Work task:
I would like each line of the data that holds the word "open" copied out.

++++++++++

lemma div_uniformizer_if_mem_PT:
  assumes P: "P \<in> C" and t: "uniformizer R P t" and x: "x \<in> gen_ideal T P"
  shows "x / t \<in> localization R P"
proof -
  interpret prime_localization R P using prime_localization_MaxSpec C_subset P by blast
  have "gen_ideal T P \<subseteq> {x. x / t \<in> L}"
  proof (rule gen_ideal_least)
    show "0 \<in> {x. x / t \<in> L}" using subring_0[OF subring_localization] by simp
    show "x + y \<in> {x. x / t \<in> L}" if "x \<in> {x. x / t \<in> L}" "y \<in> {x. x / t \<in> L}" for x y
      using that localization_add by (simp add: add_divide_distrib)
    show "a * x \<in> {x. x / t \<in> L}" if "a \<in> T" "x \<in> {x. x / t \<in> L}" for a x
      using that localization_mult[of a "x / t"] T_subset_localization[OF P] by auto
    show "P \<subseteq> {x. x / t \<in> L}" using t unfolding uniformizer_def by blast
  qed
  then show ?thesis using x by blast
qed

lemma mem_PT_if_div_uniformizer:
  assumes P: "P \<in> C" and t: "uniformizer R P t" and x: "x \<in> T" "x / t \<in> localization R P"
  shows "x \<in> gen_ideal T P"
proof -
  interpret prime_localization R P using prime_localization_MaxSpec C_subset P by blast
  have t: "t \<in> P" "t \<noteq> 0" using t unfolding uniformizer_def by auto
  have "x \<in> L" using T_subset_localization[OF P] x(1) by blast
  then obtain a b where ab: "a \<in> R" "b \<in> R" "b \<notin> P" "x = a / b" by (rule localizationE)
  have b: "b \<noteq> 0" using nonzero_if_notin ab(3) .
  show "x \<in> gen_ideal T P"
  proof (rule mem_ideal_by_colon[OF ideal_PT[OF P_subset] subset_T, of "{a, b}" b])
    fix g h assume g: "g \<in> colon R {a, b}" and h: "h \<in> {a, b}"
    then have ga: "g * a \<in> R" and gb: "g * b \<in> R" unfolding colon_def by auto
    have "(g * a) / t = x / t * (g * b)" using ab(4) b by simp
    moreover have "x / t * (g * b) \<in> L"
      using localization_mult[OF x(2)] subset_localization gb by blast
    ultimately have "(g * a) / t \<in> L" by (simp only:)
    then have "g * a \<in> P" by (rule mem_prime_if_div_in_localization[OF t ga])
    then have ga_PT: "g * a \<in> gen_ideal T P" using gen_ideal_base[OF subring_T] by blast
    from h consider "h = a" | "h = b" by blast
    then show "x * (g * h) \<in> gen_ideal T P"
    proof cases
      case 1
      then show ?thesis using ideal_of_mult[OF ideal_PT[OF P_subset] x(1) ga_PT] by simp
    next
      case 2
      have "x * (g * b) = g * a" using ab(4) b by simp
      then show ?thesis unfolding 2 using ga_PT by (simp only:)
    qed
  qed (use ab b in auto)
qed

lemma one_notin_PT:
  assumes P: "P \<in> C" and t: "uniformizer R P t"
  shows "1 \<notin> gen_ideal T P"
proof
  interpret prime_localization R P using prime_localization_MaxSpec C_subset P by blast
  assume "1 \<in> gen_ideal T P"
  then have "1 / t \<in> L" by (rule div_uniformizer_if_mem_PT[OF P t])
  then show False using inverse_notin_localization t unfolding uniformizer_def by blast
qed

text \<open>In \<open>R\<^sub>P\<close> the uniformizer t is not divisible by \<open>t\<^sup>2\<close>, while every element of
  \<open>(PT)\<^sup>2\<close> is.\<close>
lemma uniformizer_notin_PT_square:
  assumes P: "P \<in> C" and t: "uniformizer R P t"
  shows "t \<notin> ideal_square T (gen_ideal T P)"
proof
  interpret prime_localization R P using prime_localization_MaxSpec C_subset P by blast
  have t_nz: "t \<noteq> 0" and tP: "t \<in> P" using t unfolding uniformizer_def by auto
  have "ideal_square T (gen_ideal T P) \<subseteq> {x. x / (t * t) \<in> L}"
    unfolding ideal_square_def
  proof (rule gen_ideal_least)
    show "0 \<in> {x. x / (t * t) \<in> L}" using subring_0[OF subring_localization] by simp
    show "x + y \<in> {x. x / (t * t) \<in> L}" if "x \<in> {x. x / (t * t) \<in> L}" "y \<in> {x. x / (t * t) \<in> L}" for x y
      using that localization_add by (simp add: add_divide_distrib)
    show "a * x \<in> {x. x / (t * t) \<in> L}" if "a \<in> T" "x \<in> {x. x / (t * t) \<in> L}" for a x
      using that localization_mult[of a "x / (t * t)"] T_subset_localization[OF P] by auto
    show "{x * y |x y. x \<in> gen_ideal T P \<and> y \<in> gen_ideal T P} \<subseteq> {x. x / (t * t) \<in> L}"
    proof
      fix z assume "z \<in> {x * y |x y. x \<in> gen_ideal T P \<and> y \<in> gen_ideal T P}"
      then obtain x y where "z = x * y" "x \<in> gen_ideal T P" "y \<in> gen_ideal T P" by blast
      moreover have "x / t * (y / t) \<in> L"
        using calculation(2,3) div_uniformizer_if_mem_PT[OF P t] localization_mult by blast
      ultimately show "z \<in> {x. x / (t * t) \<in> L}" by simp
    qed
  qed
  moreover assume "t \<in> ideal_square T (gen_ideal T P)"
  ultimately have "t / (t * t) \<in> L" by blast
  moreover have "t / (t * t) = 1 / t" using t_nz by simp
  ultimately have "1 / t \<in> L" by simp
  then show False using inverse_notin_localization[OF tP t_nz] by blast
qed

++++++++++

Solution for this task:
text \<open>In \<open>R\<^sub>P\<close> the uniformizer t is not divisible by \<open>t\<^sup>2\<close>, while every element of
  \<open>(PT)\<^sup>2\<close> is.\<close>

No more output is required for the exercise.